Work to be completed:
Look over the material for the string "metis". Copy every line where it turns up.

________________________

abbreviation "F \<equiv> dyn fp g c b"
abbreviation "ell \<equiv> stage_cost Q R \<psi> b"
abbreviation Vf :: "('n,'m) st \<Rightarrow> real" where "Vf \<equiv> term_cost Vfp \<sigma> b"
abbreviation "X \<equiv> state_set Xp Up b"
abbreviation "Xf \<equiv> state_set Xfp Up b"
abbreviation "U \<equiv> input_set Up"
abbreviation "admissible \<equiv> ocp_admissible fp g c b Xp Up Xfp"
abbreviation "feasible \<equiv> ocp_feasible fp g c b Xp Up Xfp"
abbreviation "cost \<equiv> ocp_cost fp g c b Q R \<psi> Vfp \<sigma>"
abbreviation "optimal \<equiv> ocp_optimal fp g c b Xp Up Xfp Q R \<psi> Vfp \<sigma>"

lemma admissible_shift:
  assumes "admissible (M + L) z us"
  shows "admissible L (traj F z us M) (\<lambda>k. us (M + k))"
  using assms unfolding ocp_admissible_def by (simp flip: traj_add)

lemma cost_shift:
  "cost (M + L) z us
     = (\<Sum>i<M. ell (traj F z us i) (us i)) + cost L (traj F z us M) (\<lambda>k. us (M + k))"
  unfolding ocp_cost_def by (simp add: sum_lessThan_add traj_add)

lemma admissible_append:
  assumes v: "admissible L z v" and w: "admissible K (traj F z v L) w"
  shows "admissible (L + K) z (append_seq L v w)"
proof -
  have "traj F z (append_seq L v w) i \<in> X \<and> append_seq L v w i \<in> U" if "i < L + K" for i
  proof (cases "i < L")
    case True
    then show ?thesis
      using v traj_append_seq_le[of i L F z v w]
      unfolding ocp_admissible_def append_seq_def by simp
  next
    case False
    then have "i = L + (i - L)" "i - L < K" using that by simp_all
    then show ?thesis
      using w traj_append_seq_add[of F z L v w "i - L"] unfolding ocp_admissible_def
      by (metis add_diff_cancel_left' append_seq_def not_add_less1)
  qed
  moreover have "traj F z (append_seq L v w) (L + K) \<in> Xf"
    using w by (simp add: ocp_admissible_def traj_append_seq_add)
  ultimately show ?thesis unfolding ocp_admissible_def by blast
qed
locale count_sketch_model = prob_space M for M :: "'a measure" +
  fixes X :: "rtag \<Rightarrow> 'a \<Rightarrow> real" and I :: "rtag set" and d B :: nat
  assumes indep: "indep_vars (\<lambda>_. borel) X I"
    and sketch_tags_subset: "sketch_tags d \<subseteq> I"
    and B_pos: "B \<ge> 1"
    and distH: "\<And>l m. l \<in> {1..d} \<Longrightarrow> m \<in> {1..B} \<Longrightarrow> prob {\<omega> \<in> space M. X (H l) \<omega> = real m} = 1 / B"
    and distS: "\<And>l. l \<in> {1..d} \<Longrightarrow>
                  prob {\<omega> \<in> space M. X (S l) \<omega> = 1} = 1 / 2 \<and> prob {\<omega> \<in> space M. X (S l) \<omega> = -1} = 1 / 2"
begin

abbreviation tags_on :: "rtag set \<Rightarrow> 'a \<Rightarrow> rtag \<Rightarrow> real" where
  "tags_on A \<omega> \<equiv> restrict (\<lambda>t. X t \<omega>) A"

lemma random_variable_X: "t \<in> I \<Longrightarrow> random_variable borel (X t)"
  using indep by (auto simp: indep_vars_def)

lemma random_variable_H [measurable]: "l \<in> {1..d} \<Longrightarrow> random_variable borel (X (H l))"
  using sketch_tags_subset by (intro random_variable_X) (auto simp: sketch_tags_def)

lemma random_variable_S [measurable]: "l \<in> {1..d} \<Longrightarrow> random_variable borel (X (S l))"
  using sketch_tags_subset by (intro random_variable_X) (auto simp: sketch_tags_def)

lemma measurable_tags_on: "A \<subseteq> I \<Longrightarrow> tags_on A \<in> measurable M (PiM A (\<lambda>_. borel))"
  using random_variable_X by (intro measurable_restrict) auto
lemma many_uncrowded:
  fixes x :: "real^'n::finite"
  assumes mu: "1 \<le> mu" and vb: "v < b" and aw: "a < w"
    and sparse: "card {l. a < x$l \<and> x$l < v} < mu"
    and full: "mu \<le> card {l. a < x$l \<and> x$l \<le> v}"
  shows "mu \<le> card {j. a < x$j \<and> x$j < b \<and> card {l. x$j < x$l \<and> x$l \<le> v} < mu
                                   \<and> card {l. w \<le> x$l \<and> x$l < x$j} < mu}"
    (is "mu \<le> card ?good")
proof -
  define J where "J = {j. a < x$j \<and> x$j < b}"
  define Q where "Q = {l. a < x$l \<and> x$l \<le> v}"
  define V where "V = {l \<in> J. v < x$l}"
  define CA where "CA = {j. a < x$j \<and> mu \<le> card {l. x$j < x$l \<and> x$l \<le> v}}"
  define CB where "CB = {j \<in> J. mu \<le> card {l. w \<le> x$l \<and> x$l < x$j}}"
  have "CB \<subseteq> V"
  proof
    fix j assume j: "j \<in> CB"
    have "v < x$j"
    proof (rule ccontr)
      assume "\<not> v < x$j"
      then have "{l. w \<le> x$l \<and> x$l < x$j} \<subseteq> {l. a < x$l \<and> x$l < v}"
        using aw by auto
      then have "card {l. w \<le> x$l \<and> x$l < x$j} \<le> card {l. a < x$l \<and> x$l < v}"
        by (rule card_mono[rotated]) simp
      then have "card {l. w \<le> x$l \<and> x$l < x$j} < mu"
        using sparse by linarith
      then show False
        using j by (simp add: CB_def)
    qed
    then show "j \<in> V" using j by (simp add: CB_def J_def V_def)
  qed
  have "CA \<subseteq> Q"
    using crowded_below_level[OF mu] by (force simp: CA_def Q_def)
  have "J = Q \<union> V" "Q \<inter> V = {}"
    using vb by (auto simp: J_def Q_def V_def)
  then have card_J: "card J = card Q + card V"
    by (simp add: card_Un_disjoint)
  have "J = (?good \<union> CA) \<union> CB" "(?good \<union> CA) \<inter> CB = {}" "?good \<inter> CA = {}"
    using \<open>CA \<subseteq> Q\<close> \<open>CB \<subseteq> V\<close> \<open>Q \<inter> V = {}\<close> vb
    by (auto simp: J_def CA_def CB_def not_less Q_def)
  then have "card J = card ?good + card CA + card CB"
    by (simp add: card_Un_disjoint)
  moreover have "card CB \<le> card V"
    using \<open>CB \<subseteq> V\<close> by (simp add: card_mono)
  moreover have "card CA + mu \<le> card Q"
    using count_crowded_below[OF mu full] by (simp add: CA_def Q_def)
  ultimately show ?thesis using card_J by linarith
qed

context nn_rule_pos
begin

lemma inner_nodes_nonempty: "mu \<le> card (inner_nodes x) \<Longrightarrow> inner_nodes x \<noteq> {}"
  using mu_pos by (metis card.empty le_zero_eq not_one_le_zero)

text \<open>The reach of a minimal node \<beta>: the largest value v it sees lies above the minimum,
  and fewer than mu nodes lie strictly between the minimum and v (they are all upper
  neighbours of \<beta>, besides the one attaining v).\<close>
lemma bottom_reach:
  assumes \<beta>: "x$\<beta> = lo x" and inner: "inner_nodes x \<noteq> {}"
  shows "lo x < nb_max tb k x \<beta>"
    and "card {l. lo x < x$l \<and> x$l < nb_max tb k x \<beta>} < mu"
proof -
  define v where "v = nb_max tb k x \<beta>"
  have "upper_set x \<beta> \<noteq> {}"
    using inner \<beta> by (auto simp: inner_nodes_def upper_set_def)
  then obtain s where s: "s \<in> snd (tb k x \<beta>)"
    using upper_nbrs_nonempty by blast
  then show "lo x < v"
    using upper_nbr_gt[OF s] nb_max_ge[of s tb k x \<beta>] \<beta> by (simp add: v_def nbhd_def)
  obtain s0 where s0: "s0 \<in> nbhd tb k x \<beta>" "v = x$s0"
    unfolding v_def by (rule nb_max_attained)
  have "fst (tb k x \<beta>) = {}"
    using lower_nbr_lt lo_le[of x] \<beta> by (metis all_not_in_conv not_le)
  then have s0_upper: "s0 \<in> snd (tb k x \<beta>)"
    using s0 \<open>lo x < v\<close> \<beta> by (auto simp: nbhd_def)
  have "{l. lo x < x$l \<and> x$l < v} \<subseteq> snd (tb k x \<beta>) - {s0}"
  proof
    fix l assume l: "l \<in> {l. lo x < x$l \<and> x$l < v}"
    then have "l \<in> upper_set x \<beta>" using \<beta> by (simp add: upper_set_def)
    then show "l \<in> snd (tb k x \<beta>) - {s0}"
      using upper_nbrs_closest[OF s0_upper] l s0(2) by fastforce
  qed
  then have "card {l. lo x < x$l \<and> x$l < v} \<le> card (snd (tb k x \<beta>)) - 1"
    using card_mono[of "snd (tb k x \<beta>) - {s0}"] s0_upper by fastforce
  then show "card {l. lo x < x$l \<and> x$l < v} < mu"
    using card_upper_nbrs[of k x \<beta>] mu_pos by linarith
qed

text \<open>A minimal node has at least mu nodes above it, so its mu upper neighbours all lie
  in (lo x, v].\<close>
lemma bottom_reach_full:
  assumes \<beta>: "x$\<beta> = lo x" and inner: "mu \<le> card (inner_nodes x)"
  shows "mu \<le> card {l. lo x < x$l \<and> x$l \<le> nb_max tb k x \<beta>}"
proof -
  have "inner_nodes x \<subseteq> upper_set x \<beta>"
    using \<beta> by (auto simp: inner_nodes_def upper_set_def)
  then have "card (inner_nodes x) \<le> card (upper_set x \<beta>)"
    by (simp add: card_mono)
  then have "card (snd (tb k x \<beta>)) = mu"
    using card_upper_nbrs[of k x \<beta>] inner by simp
  moreover have "snd (tb k x \<beta>) \<subseteq> {l. lo x < x$l \<and> x$l \<le> nb_max tb k x \<beta>}"
  proof
    fix l assume l: "l \<in> snd (tb k x \<beta>)"
    then have "x$l \<le> nb_max tb k x \<beta>"
      by (intro nb_max_ge) (simp add: nbhd_def)
    then show "l \<in> {l. lo x < x$l \<and> x$l \<le> nb_max tb k x \<beta>}"
      using upper_nbr_gt[OF l] \<beta> by simp
  qed
  ultimately show ?thesis
    by (metis card_mono finite)
qed

lemma bottom_reach_below_hi:
  assumes \<beta>: "x$\<beta> = lo x" and inner: "mu \<le> card (inner_nodes x)"
  shows "nb_max tb k x \<beta> < hi x"
proof (rule ccontr)
  assume "\<not> nb_max tb k x \<beta> < hi x"
  then have "inner_nodes x \<subseteq> {l. lo x < x$l \<and> x$l < nb_max tb k x \<beta>}"
    by (auto simp: inner_nodes_def)
  then have "card (inner_nodes x) \<le> card {l. lo x < x$l \<and> x$l < nb_max tb k x \<beta>}"
    by (simp add: card_mono)
  then show False
    using bottom_reach(2)[OF \<beta> inner_nodes_nonempty[OF inner], of k] inner by linarith
qed

lemma top_reach_above_lo:
  assumes \<tau>: "x$\<tau> = hi x" and inner: "mu \<le> card (inner_nodes x)"
  shows "lo x < nb_min tb k x \<tau>"
  using nn_rule_pos.bottom_reach_below_hi[OF mirror_pos, of "-x" \<tau> k] assms
  by (simp add: lo_uminus hi_uminus inner_nodes_uminus nb_max_mirror)

text \<open>An inner node j with fewer than mu nodes in (x_j, v], v the reach of a minimal node
  \<beta>, sees a value above v (its upper neighbours cannot all fit in (x_j, v], since the
  maximal node lies above v). Hence it moves strictly above the new value of \<beta>.\<close>
lemma stays_above_min:
  assumes al: "0 < \<alpha> k" "\<alpha> k < 1"
    and \<beta>: "x$\<beta> = lo x" and inner: "mu \<le> card (inner_nodes x)" and j: "j \<in> inner_nodes x"
    and few: "card {l. x$j < x$l \<and> x$l \<le> nb_max tb k x \<beta>} < mu"
  shows "lo (step \<alpha> tb k x) < step \<alpha> tb k x $ j"
proof -
  define v where "v = nb_max tb k x \<beta>"
  have "v < nb_max tb k x j"
  proof (rule ccontr)
    assume "\<not> v < nb_max tb k x j"
    then have sub: "snd (tb k x j) \<subseteq> {l. x$j < x$l \<and> x$l \<le> v}"
      using upper_nbr_gt nb_max_ge by (fastforce simp: nbhd_def)
    obtain \<tau> where \<tau>: "x$\<tau> = hi x" by (rule hi_attained)
    have "\<tau> \<in> upper_set x j - snd (tb k x j)"
      using sub \<tau> j bottom_reach_below_hi[OF \<beta> inner, of k]
      by (auto simp: upper_set_def inner_nodes_def v_def)
    then have "card (snd (tb k x j)) < card (upper_set x j)"
      using upper_nbrs_sub[of k x j] by (intro psubset_card_mono) auto
    then have "card (snd (tb k x j)) = mu"
      using card_upper_nbrs[of k x j] by simp
    then show False
      using few card_mono[OF _ sub] by (simp add: v_def)
  qed
  have "nb_min tb k x \<beta> = lo x"
    using nb_min_ge_lo[of x tb k \<beta>] nb_min_le_self[of tb k x \<beta>] \<beta> by simp
  then have "step \<alpha> tb k x $ \<beta> = \<alpha> k * lo x + (1 - \<alpha> k) * v"
    by (simp add: step_nth v_def)
  also have "\<dots> < \<alpha> k * nb_min tb k x j + (1 - \<alpha> k) * nb_max tb k x j"
    using al \<open>v < nb_max tb k x j\<close> nb_min_ge_lo[of x tb k j]
    by (intro add_le_less_mono mult_left_mono mult_strict_left_mono) auto
  finally show ?thesis
    using lo_le[of "step \<alpha> tb k x" \<beta>] by (simp add: step_nth)
qed

lemma stays_below_max:
  assumes al: "0 < \<alpha> k" "\<alpha> k < 1"
    and \<tau>: "x$\<tau> = hi x" and inner: "mu \<le> card (inner_nodes x)" and j: "j \<in> inner_nodes x"
    and few: "card {l. nb_min tb k x \<tau> \<le> x$l \<and> x$l < x$j} < mu"
  shows "step \<alpha> tb k x $ j < hi (step \<alpha> tb k x)"
proof -
  have "{l. - x$j < - x$l \<and> - x$l \<le> - nb_min tb k x \<tau>} = {l. nb_min tb k x \<tau> \<le> x$l \<and> x$l < x$j}"
    by auto
  then show ?thesis
    using nn_rule_pos.stays_above_min[OF mirror_pos, of "\<lambda>k. 1 - \<alpha> k" k "-x" \<tau> j] assms
    by (simp add: lo_uminus hi_uminus inner_nodes_uminus nb_max_mirror step_mirror)
qed

lemma inner_nodes_invariant:
  assumes al: "0 < \<alpha> k" "\<alpha> k < 1" and inner: "mu \<le> card (inner_nodes x)"
  shows "mu \<le> card (inner_nodes (step \<alpha> tb k x))"
proof -
  obtain \<beta> where \<beta>: "x$\<beta> = lo x" by (rule lo_attained)
  obtain \<tau> where \<tau>: "x$\<tau> = hi x" by (rule hi_attained)
  define v where "v = nb_max tb k x \<beta>"
  define w where "w = nb_min tb k x \<tau>"
  have "mu \<le> card {j. lo x < x$j \<and> x$j < hi x \<and> card {l. x$j < x$l \<and> x$l \<le> v} < mu
                                       \<and> card {l. w \<le> x$l \<and> x$l < x$j} < mu}"
    unfolding v_def w_def
    by (rule many_uncrowded[OF mu_pos bottom_reach_below_hi[OF \<beta> inner]
          top_reach_above_lo[OF \<tau> inner] bottom_reach(2)[OF \<beta> inner_nodes_nonempty[OF inner]]
          bottom_reach_full[OF \<beta> inner]])
  also have "\<dots> \<le> card (inner_nodes (step \<alpha> tb k x))"
    using stays_above_min[of \<alpha> k, OF al \<beta> inner] stays_below_max[of \<alpha> k, OF al \<tau> inner]
    by (intro card_mono) (auto simp: inner_nodes_def v_def w_def)
  finally show ?thesis .
qed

________________________

Completed exercise:
      by (metis add_diff_cancel_left' append_seq_def not_add_less1)
  using mu_pos by (metis card.empty le_zero_eq not_one_le_zero)
    using lower_nbr_lt lo_le[of x] \<beta> by (metis all_not_in_conv not_le)
    by (metis card_mono finite)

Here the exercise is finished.